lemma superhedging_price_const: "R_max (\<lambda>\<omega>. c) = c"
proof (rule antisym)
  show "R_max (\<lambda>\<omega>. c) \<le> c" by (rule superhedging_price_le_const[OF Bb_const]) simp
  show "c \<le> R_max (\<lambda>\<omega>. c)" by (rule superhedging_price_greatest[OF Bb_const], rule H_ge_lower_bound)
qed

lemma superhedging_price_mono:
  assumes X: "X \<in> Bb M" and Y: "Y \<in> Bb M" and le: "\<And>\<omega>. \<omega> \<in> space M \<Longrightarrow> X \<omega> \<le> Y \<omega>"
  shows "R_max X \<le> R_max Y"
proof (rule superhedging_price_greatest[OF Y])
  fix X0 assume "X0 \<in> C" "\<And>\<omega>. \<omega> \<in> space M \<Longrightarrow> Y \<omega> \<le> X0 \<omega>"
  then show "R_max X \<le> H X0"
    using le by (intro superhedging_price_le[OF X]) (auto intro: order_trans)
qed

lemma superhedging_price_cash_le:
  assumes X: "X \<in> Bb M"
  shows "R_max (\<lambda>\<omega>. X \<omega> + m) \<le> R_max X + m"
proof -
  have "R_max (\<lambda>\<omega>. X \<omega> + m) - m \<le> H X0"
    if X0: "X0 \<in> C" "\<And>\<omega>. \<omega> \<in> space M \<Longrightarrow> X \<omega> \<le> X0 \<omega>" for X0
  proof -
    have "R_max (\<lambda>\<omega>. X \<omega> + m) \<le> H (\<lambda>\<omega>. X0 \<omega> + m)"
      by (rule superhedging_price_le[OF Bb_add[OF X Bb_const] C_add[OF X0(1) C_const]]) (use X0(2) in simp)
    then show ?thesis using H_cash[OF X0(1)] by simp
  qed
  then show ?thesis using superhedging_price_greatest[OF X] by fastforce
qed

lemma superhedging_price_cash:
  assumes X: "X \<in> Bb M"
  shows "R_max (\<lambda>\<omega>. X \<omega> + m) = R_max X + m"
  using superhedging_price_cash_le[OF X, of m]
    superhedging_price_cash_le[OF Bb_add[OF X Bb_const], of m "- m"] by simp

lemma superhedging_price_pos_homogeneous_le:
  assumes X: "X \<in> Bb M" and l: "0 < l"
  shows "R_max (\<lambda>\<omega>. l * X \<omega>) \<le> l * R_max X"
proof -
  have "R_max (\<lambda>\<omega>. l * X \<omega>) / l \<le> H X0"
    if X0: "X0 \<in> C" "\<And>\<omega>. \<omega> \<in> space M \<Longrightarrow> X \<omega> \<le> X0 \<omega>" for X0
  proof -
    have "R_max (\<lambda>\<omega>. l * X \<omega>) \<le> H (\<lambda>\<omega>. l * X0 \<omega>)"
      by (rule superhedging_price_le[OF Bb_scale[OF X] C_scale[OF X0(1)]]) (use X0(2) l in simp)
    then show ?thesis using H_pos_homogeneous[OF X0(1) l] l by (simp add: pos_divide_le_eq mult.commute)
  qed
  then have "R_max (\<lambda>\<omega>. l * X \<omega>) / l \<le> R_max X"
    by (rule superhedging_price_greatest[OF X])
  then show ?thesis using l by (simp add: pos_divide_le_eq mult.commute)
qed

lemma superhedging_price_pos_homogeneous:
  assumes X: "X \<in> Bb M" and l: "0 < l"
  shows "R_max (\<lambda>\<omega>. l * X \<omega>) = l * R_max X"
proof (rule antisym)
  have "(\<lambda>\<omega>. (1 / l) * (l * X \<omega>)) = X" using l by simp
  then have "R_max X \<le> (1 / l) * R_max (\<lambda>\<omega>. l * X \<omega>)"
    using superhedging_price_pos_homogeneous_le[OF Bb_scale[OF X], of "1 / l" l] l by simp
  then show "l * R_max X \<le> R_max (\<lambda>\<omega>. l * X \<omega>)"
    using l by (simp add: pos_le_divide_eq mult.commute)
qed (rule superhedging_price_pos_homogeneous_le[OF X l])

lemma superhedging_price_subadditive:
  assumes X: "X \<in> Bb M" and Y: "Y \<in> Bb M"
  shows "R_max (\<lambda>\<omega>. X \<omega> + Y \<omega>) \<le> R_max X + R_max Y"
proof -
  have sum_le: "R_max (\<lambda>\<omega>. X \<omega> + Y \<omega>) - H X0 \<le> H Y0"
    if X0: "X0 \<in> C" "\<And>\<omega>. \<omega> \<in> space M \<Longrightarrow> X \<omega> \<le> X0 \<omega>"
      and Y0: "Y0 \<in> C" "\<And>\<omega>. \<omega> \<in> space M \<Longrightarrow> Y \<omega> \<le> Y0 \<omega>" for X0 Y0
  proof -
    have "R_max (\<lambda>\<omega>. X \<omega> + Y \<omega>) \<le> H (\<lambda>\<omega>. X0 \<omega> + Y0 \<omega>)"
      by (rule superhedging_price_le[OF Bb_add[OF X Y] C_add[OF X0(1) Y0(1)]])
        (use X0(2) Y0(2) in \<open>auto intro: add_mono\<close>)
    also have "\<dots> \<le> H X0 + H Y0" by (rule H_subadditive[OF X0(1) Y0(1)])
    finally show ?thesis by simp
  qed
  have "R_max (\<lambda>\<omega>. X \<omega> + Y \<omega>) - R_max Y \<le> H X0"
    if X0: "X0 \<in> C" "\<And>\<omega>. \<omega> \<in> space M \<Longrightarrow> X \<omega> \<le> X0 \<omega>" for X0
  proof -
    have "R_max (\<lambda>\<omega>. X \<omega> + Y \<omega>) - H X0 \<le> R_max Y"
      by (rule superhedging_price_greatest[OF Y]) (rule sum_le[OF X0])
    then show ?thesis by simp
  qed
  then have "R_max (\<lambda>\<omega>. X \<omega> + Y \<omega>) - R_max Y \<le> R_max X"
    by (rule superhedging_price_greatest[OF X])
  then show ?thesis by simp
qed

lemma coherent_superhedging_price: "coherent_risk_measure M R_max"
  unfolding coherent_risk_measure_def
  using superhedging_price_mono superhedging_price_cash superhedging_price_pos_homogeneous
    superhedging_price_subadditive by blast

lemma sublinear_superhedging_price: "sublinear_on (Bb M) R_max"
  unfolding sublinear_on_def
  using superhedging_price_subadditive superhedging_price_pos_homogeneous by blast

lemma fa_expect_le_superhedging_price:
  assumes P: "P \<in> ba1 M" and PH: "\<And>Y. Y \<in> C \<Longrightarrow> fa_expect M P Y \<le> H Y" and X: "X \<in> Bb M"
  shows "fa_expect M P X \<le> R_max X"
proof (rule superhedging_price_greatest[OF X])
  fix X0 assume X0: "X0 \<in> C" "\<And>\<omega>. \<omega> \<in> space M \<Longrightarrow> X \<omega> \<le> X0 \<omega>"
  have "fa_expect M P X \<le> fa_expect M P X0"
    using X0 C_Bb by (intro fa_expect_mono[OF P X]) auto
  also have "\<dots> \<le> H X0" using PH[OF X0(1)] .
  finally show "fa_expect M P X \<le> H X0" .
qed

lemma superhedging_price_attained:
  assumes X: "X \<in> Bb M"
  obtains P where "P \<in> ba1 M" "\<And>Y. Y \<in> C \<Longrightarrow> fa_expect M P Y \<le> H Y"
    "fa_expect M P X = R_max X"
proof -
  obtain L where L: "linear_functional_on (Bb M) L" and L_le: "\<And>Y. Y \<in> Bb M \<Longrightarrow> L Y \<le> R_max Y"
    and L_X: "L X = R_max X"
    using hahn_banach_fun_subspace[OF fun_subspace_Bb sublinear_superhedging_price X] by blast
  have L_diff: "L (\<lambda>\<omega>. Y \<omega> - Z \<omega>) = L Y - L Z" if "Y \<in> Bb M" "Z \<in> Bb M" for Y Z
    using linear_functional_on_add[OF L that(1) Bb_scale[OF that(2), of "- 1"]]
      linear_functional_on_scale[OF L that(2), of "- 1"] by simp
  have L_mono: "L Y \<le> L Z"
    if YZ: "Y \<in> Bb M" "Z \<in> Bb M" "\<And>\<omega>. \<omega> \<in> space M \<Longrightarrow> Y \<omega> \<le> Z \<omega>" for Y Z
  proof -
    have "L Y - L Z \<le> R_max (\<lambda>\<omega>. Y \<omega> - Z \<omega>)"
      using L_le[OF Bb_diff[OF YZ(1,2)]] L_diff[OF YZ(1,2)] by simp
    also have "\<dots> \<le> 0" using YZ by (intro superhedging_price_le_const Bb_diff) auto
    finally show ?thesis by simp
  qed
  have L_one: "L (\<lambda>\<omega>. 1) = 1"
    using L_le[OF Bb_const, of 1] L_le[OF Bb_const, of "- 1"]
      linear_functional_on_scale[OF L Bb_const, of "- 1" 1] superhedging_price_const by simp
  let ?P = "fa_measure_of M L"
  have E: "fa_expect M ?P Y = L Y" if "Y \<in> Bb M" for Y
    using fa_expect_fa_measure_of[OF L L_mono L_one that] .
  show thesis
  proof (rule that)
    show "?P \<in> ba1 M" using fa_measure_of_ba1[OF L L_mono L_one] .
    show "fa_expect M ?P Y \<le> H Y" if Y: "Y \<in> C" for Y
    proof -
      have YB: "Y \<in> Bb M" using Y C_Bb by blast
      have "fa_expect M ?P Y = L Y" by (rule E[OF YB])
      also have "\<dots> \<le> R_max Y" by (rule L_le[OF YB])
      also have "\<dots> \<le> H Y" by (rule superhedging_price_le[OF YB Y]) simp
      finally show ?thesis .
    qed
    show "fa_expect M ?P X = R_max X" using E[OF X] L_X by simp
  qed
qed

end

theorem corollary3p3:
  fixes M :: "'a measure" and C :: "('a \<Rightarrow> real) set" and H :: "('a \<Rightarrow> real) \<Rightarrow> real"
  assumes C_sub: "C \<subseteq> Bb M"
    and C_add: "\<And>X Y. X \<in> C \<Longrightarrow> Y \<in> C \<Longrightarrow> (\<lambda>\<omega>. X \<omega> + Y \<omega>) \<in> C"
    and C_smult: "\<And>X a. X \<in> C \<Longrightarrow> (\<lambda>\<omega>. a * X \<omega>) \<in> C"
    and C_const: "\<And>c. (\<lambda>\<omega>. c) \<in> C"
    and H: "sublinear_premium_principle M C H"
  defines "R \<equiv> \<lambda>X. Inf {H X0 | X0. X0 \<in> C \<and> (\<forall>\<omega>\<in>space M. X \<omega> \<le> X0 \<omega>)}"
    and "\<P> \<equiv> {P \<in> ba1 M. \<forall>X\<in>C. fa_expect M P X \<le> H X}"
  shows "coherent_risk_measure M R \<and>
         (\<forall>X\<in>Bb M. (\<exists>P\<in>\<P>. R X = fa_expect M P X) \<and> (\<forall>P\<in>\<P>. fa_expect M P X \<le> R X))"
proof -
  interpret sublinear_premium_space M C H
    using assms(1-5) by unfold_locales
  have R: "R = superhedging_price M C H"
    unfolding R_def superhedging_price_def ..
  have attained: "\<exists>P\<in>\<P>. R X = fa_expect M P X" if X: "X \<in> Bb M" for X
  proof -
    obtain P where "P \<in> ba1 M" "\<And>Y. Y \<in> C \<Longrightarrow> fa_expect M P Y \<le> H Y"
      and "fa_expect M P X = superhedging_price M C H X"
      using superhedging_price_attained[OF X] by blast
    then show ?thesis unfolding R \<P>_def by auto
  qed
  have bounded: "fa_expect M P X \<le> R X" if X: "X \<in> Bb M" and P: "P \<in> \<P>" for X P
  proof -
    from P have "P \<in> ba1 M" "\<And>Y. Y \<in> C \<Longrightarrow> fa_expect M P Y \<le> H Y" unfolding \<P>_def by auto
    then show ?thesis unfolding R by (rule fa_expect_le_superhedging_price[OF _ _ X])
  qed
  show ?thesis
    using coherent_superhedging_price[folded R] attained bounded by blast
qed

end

### To do:
All that belongs in your answer is the stretch of entries above from the line with "Y \<omega> \<le> Y0" through the line with "Y \<omega>) \<le> H", printed exactly.

### Answer to this task:
      and Y0: "Y0 \<in> C" "\<And>\<omega>. \<omega> \<in> space M \<Longrightarrow> Y \<omega> \<le> Y0 \<omega>" for X0 Y0
  proof -
    have "R_max (\<lambda>\<omega>. X \<omega> + Y \<omega>) \<le> H (\<lambda>\<omega>. X0 \<omega> + Y0 \<omega>)"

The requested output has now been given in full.